I ask you tonight to follow in that tradition--to judge on the basis of my record of 14 years in Congress--on my declared stands against an Ambassador to the Vatican, against unconstitutional aid to parochial schools, and against any boycott of the public schools (which I have attended myself)--instead of judging me on the basis of these pamphlets and publications we have all seen that carefully select quotations out of context from the statements of Catholic church leaders, usually in other countries, frequently in other centuries, and always omitting, of course, the statement of American Bishops in 1948 which strongly endorsed our church-state separation, and which more nearly reflects the views of almost every American Catholic.
I do not consider these other quotations binding upon my public acts--why should you? But let me say, with respect to other countries, that I am wholly opposed to the state being used by any religious group, Catholic or Protestant, to compel, prohibit, or persecute the free excercise of any other religion. And I hope that you and I condemn with equal fervor those nations which deny their Presidency to Protestants and those which deny it to Catholics. And rather than cite the misdeeds of those who differ, I would cite the record of the Catholic church in such nations as Ireland and France--and the independance of such statesmen as Adeneur and DeGaulle.
But let me stress again that these are my views--for contrary to common Newspaper usage--I am not the Catholic candidate for President. I am the Democratic Party's candidate for President who happens also to be a Catholic. I do not speak for my church on public matters--and the church does not speak for me.

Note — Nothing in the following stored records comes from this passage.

definition assumptions_1_2 ::
  "'y::euclidean_space set \<Rightarrow> 'y measure \<Rightarrow> ('x::finite \<Rightarrow> 'y \<Rightarrow> real)
     \<Rightarrow> (real \<Rightarrow> 'x \<Rightarrow> 'y \<Rightarrow> real) \<Rightarrow> bool" where
  "assumptions_1_2 Y nu q qt \<longleftrightarrow>
     compact Y \<and> prob_space nu \<and> sets nu = sets (restrict_space borel Y) \<and>
     (\<forall>x. is_density nu (q x)) \<and>
     (\<forall>x. \<forall>th\<in>{0..1}. is_density nu (qt th x)) \<and>
     (\<forall>x. AE y in Qm nu (q x). continuous_on {0..1} (\<lambda>th. qt th x y)) \<and>
     (\<forall>x. \<exists>g. g \<in> borel_measurable nu \<and> integrable (Qm nu (q x)) (\<lambda>y. (g y)\<^sup>2) \<and>
          (AE y in Qm nu (q x). \<forall>th\<in>{0..1}. 0 < qt th x y \<and>
               \<bar>ln (q x y / qt th x y)\<bar> \<le> g y))"

definition KLD :: "'y measure \<Rightarrow> ('x::finite \<Rightarrow> 'y \<Rightarrow> real)
     \<Rightarrow> (real \<Rightarrow> 'x \<Rightarrow> 'y \<Rightarrow> real) \<Rightarrow> real \<Rightarrow> ('x \<Rightarrow> real) \<Rightarrow> real" where
  "KLD nu q qt th \<sigma> = (\<Sum>x\<in>UNIV. \<sigma> x * (\<integral>y. ln (q x y / qt th x y) * q x y \<partial>nu))"

definition is_KLD_min where
  "is_KLD_min nu q qt \<sigma> t \<longleftrightarrow> t \<in> {0..1} \<and> (\<forall>s\<in>{0..1}. KLD nu q qt t \<sigma> \<le> KLD nu q qt s \<sigma>)"
lemma perm_conj_if_entries_permuted:
  assumes M: "M \<in> carrier_mat n n" and "entries_permuted (\<lambda>i j. M $$ (i, j)) n N"
  shows "perm_conj M N"
proof -
  obtain \<tau> where N: "N \<in> carrier_mat n n" and \<tau>: "\<tau> permutes {..<n}"
    and e: "\<And>i j. i < n \<Longrightarrow> j < n \<Longrightarrow> M $$ (i, j) = N $$ (\<tau> i, \<tau> j)"
    using assms(2) unfolding entries_permuted_def by blast
  let ?P = "perm_matrix n (inv_into UNIV \<tau>)" and ?Q = "perm_matrix n \<tau>"
  have inv: "inv_into UNIV \<tau> permutes {..<n}"
    using \<tau> by (rule permutes_inv)
  have "?P * ?Q = 1\<^sub>m n" "?Q * ?P = 1\<^sub>m n"
    using \<tau> inv by (simp_all add: perm_matrix_mult_perm_matrix permutes_inv_o perm_matrix_id)
  moreover have "M = ?P * N * ?Q"
  proof (rule eq_matI)
    fix i j assume "i < dim_row (?P * N * ?Q)" "j < dim_col (?P * N * ?Q)"
    then have ij: "i < n" "j < n" using N by auto
    have "(?P * N * ?Q) $$ (i, j) = (?P * N) $$ (i, \<tau> j)"
      using ij \<tau> N by (intro mult_perm_matrix_index) (auto simp: permutes_less)
    also have "\<dots> = N $$ (\<tau> i, \<tau> j)"
      using ij \<tau> N inv
      by (simp add: perm_matrix_mult_index permutes_less permutes_inv_inv del: index_mult_mat(1))
    finally show "M $$ (i, j) = (?P * N * ?Q) $$ (i, j)"
      using e ij by simp
  qed (use M N in auto)
  ultimately show ?thesis
    unfolding perm_conj_def carrier_matD(1)[OF N] using inv perm_matrix_carrier[of n \<tau>] by blast
qed
lemma mu_gamma_triangle:
  assumes "\<forall>r. \<gamma> $ r \<ge> 0"
  shows "mu_gamma \<gamma> x z \<le> mu_gamma \<gamma> x y + mu_gamma \<gamma> y z"
proof -
  have "mu_gamma \<gamma> x z
      \<le> (\<Sum>i\<in>UNIV. \<gamma> $ Some i * (ln_dist_w x y i + ln_dist_w y z i)) + \<gamma> $ None * (ln_dist_u x y + ln_dist_u y z)"
    unfolding mu_gamma_eq
    using assms ln_dist_w_triangle[where x=x and y=y and z=z] ln_dist_u_triangle[where x=x and y=y and z=z]
    by (intro add_mono sum_mono mult_left_mono) auto
  then show ?thesis
    unfolding mu_gamma_eq by (simp add: distrib_left sum.distrib)
qed

lemma ln_dist_w_le_mu_gamma:
  "\<forall>r. \<gamma> $ r \<ge> 0 \<Longrightarrow> \<gamma> $ Some i * ln_dist_w x y i \<le> mu_gamma \<gamma> x y"
  unfolding mu_gamma_eq
  by (intro add_increasing2 member_le_sum mult_nonneg_nonneg) (auto simp: ln_dist_w_nonneg ln_dist_u_nonneg)

lemma ln_dist_u_le_mu_gamma:
  "\<forall>r. \<gamma> $ r \<ge> 0 \<Longrightarrow> \<gamma> $ None * ln_dist_u x y \<le> mu_gamma \<gamma> x y"
  unfolding mu_gamma_eq
  by (intro add_increasing sum_nonneg mult_nonneg_nonneg) (auto simp: ln_dist_w_nonneg)

lemma sum_UNIV_option: "(\<Sum>r\<in>UNIV. f r) = f None + (\<Sum>i\<in>UNIV. f (Some i))"
  for f :: "'a::finite option \<Rightarrow> 'b::comm_monoid_add"
  by (simp add: UNIV_option_conv sum.reindex)

definition ln_dist :: "(real^'n^'k) \<times> (real^'d^'n) \<Rightarrow> (real^'n^'k) \<times> (real^'d^'n) \<Rightarrow> 'k option \<Rightarrow> real" where
  "ln_dist x y r = (case r of Some i \<Rightarrow> ln_dist_w x y i | None \<Rightarrow> ln_dist_u x y)"

lemma mu_gamma_eq_sum_ln_dist: "mu_gamma \<gamma> x y = (\<Sum>r\<in>UNIV. \<gamma> $ r * ln_dist x y r)"
  by (simp add: mu_gamma_eq sum_UNIV_option ln_dist_def)

lemma abs_diff_le_mult_abs_ln_diff:
  fixes a b r :: real
  assumes "0 < a" "0 < b" "a \<le> r" "b \<le> r"
  shows "\<bar>a - b\<bar> \<le> r * \<bar>ln a - ln b\<bar>"
proof -
  have "v - u \<le> r * (ln v - ln u)" if "0 < u" "u \<le> v" "v \<le> r" for u v :: real
  proof -
    have "ln (u / v) \<le> u / v - 1" using that by (intro ln_le_minus_one) auto
    then have "v - u \<le> v * (ln v - ln u)"
      using that by (simp add: ln_div field_simps)
    also have "\<dots> \<le> r * (ln v - ln u)"
      using that by (intro mult_right_mono) auto
    finally show ?thesis .
  qed
  then show ?thesis
    using assms by (cases "a \<le> b") (auto simp: abs_if)
qed

lemma abs_le_supnorm:
  fixes z :: "(real^'n::finite^'k::finite) \<times> (real^'d::finite^'n)"
  shows "\<bar>fst z $ i $ j\<bar> \<le> supnorm z" "\<bar>snd z $ a $ b\<bar> \<le> supnorm z"
proof -
  have "\<bar>fst z $ i $ j\<bar> \<le> Max {\<bar>fst z $ i $ j\<bar> | i j. True}" by (rule le_Max_setcompr2)
  then show "\<bar>fst z $ i $ j\<bar> \<le> supnorm z" unfolding supnorm_def by simp
  have "\<bar>snd z $ a $ b\<bar> \<le> Max {\<bar>snd z $ a $ b\<bar> | a b. True}" by (rule le_Max_setcompr2)
  then show "\<bar>snd z $ a $ b\<bar> \<le> supnorm z" unfolding supnorm_def by simp
qed

lemma supnorm_le:
  fixes z :: "(real^'n::finite^'k::finite) \<times> (real^'d::finite^'n)"
  assumes "\<And>i j. \<bar>fst z $ i $ j\<bar> \<le> M" "\<And>a b. \<bar>snd z $ a $ b\<bar> \<le> M"
  shows "supnorm z \<le> M"
  unfolding supnorm_def by (rule max.boundedI; rule Max_setcompr2_le) (use assms in auto)

lemma scaled_abs_diff_le:
  fixes a b r c L g :: real
  assumes "0 < a" "0 < b" "a \<le> r" "b \<le> r" "\<bar>ln a - ln b\<bar> \<le> L" "c > 0" "c * r \<le> g"
  shows "c * \<bar>a - b\<bar> \<le> g * L"
proof -
  have "\<bar>a - b\<bar> \<le> r * \<bar>ln a - ln b\<bar>"
    using assms(1-4) by (rule abs_diff_le_mult_abs_ln_diff)
  also have "\<dots> \<le> r * L"
    using assms(1,3,5) by (intro mult_left_mono) auto
  finally have "\<bar>a - b\<bar> \<le> r * L" .
  then have "c * \<bar>a - b\<bar> \<le> (c * r) * L"
    using assms(6) by (simp add: mult.assoc)
  also have "\<dots> \<le> g * L"
    using assms(5,7) by (intro mult_right_mono) auto
  finally show ?thesis .
qed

Whatever issue may come before me as President--on birth control, divorce, censorship, gambling or any other subject--I will make my decision in accordance with these views, in accordance with what my conscience tells me to be the national interest, and without regard to outside religious pressures or dictates. And no power or threat of punishment could cause me to decide otherwise.
But if the time should ever come--and I do not concede any conflict to be even remotely possible--when my office would require me to either violate my conscience or violate the national interest, then I would resign the office; and I hope any conscienscious public servant would do the same
But I do not intend to apologize for the views to my critic of either Catholic or Protestant faith--nor do I intend to disavow either my views or my church in order to win this election.
If I should lose on the real issues, I shall return to my seat in the Senate, satisfied that I had tried my best and was fairly judged. But if this election is decided on the basis that 40 million Americans lost their chance of being President on the day they were baptised, then it is the whole nation that will be the loser, in the eyes of Catholics and non-Catholics around the world, and in the eyes of our own people.
But if, on the other hand, I should win the election, then I shall devote every effort of mind and spirit to fulfilling the oath of the Presidency--practically identical, I might add, to the oath I have taken for 14 years in the Congress. For without reservation, I can "solemnly swear that I will faithfully execute the Office of President of the United States, and will, to the best of my ability, preserve, protect and defend the Constitution...So Help Me God."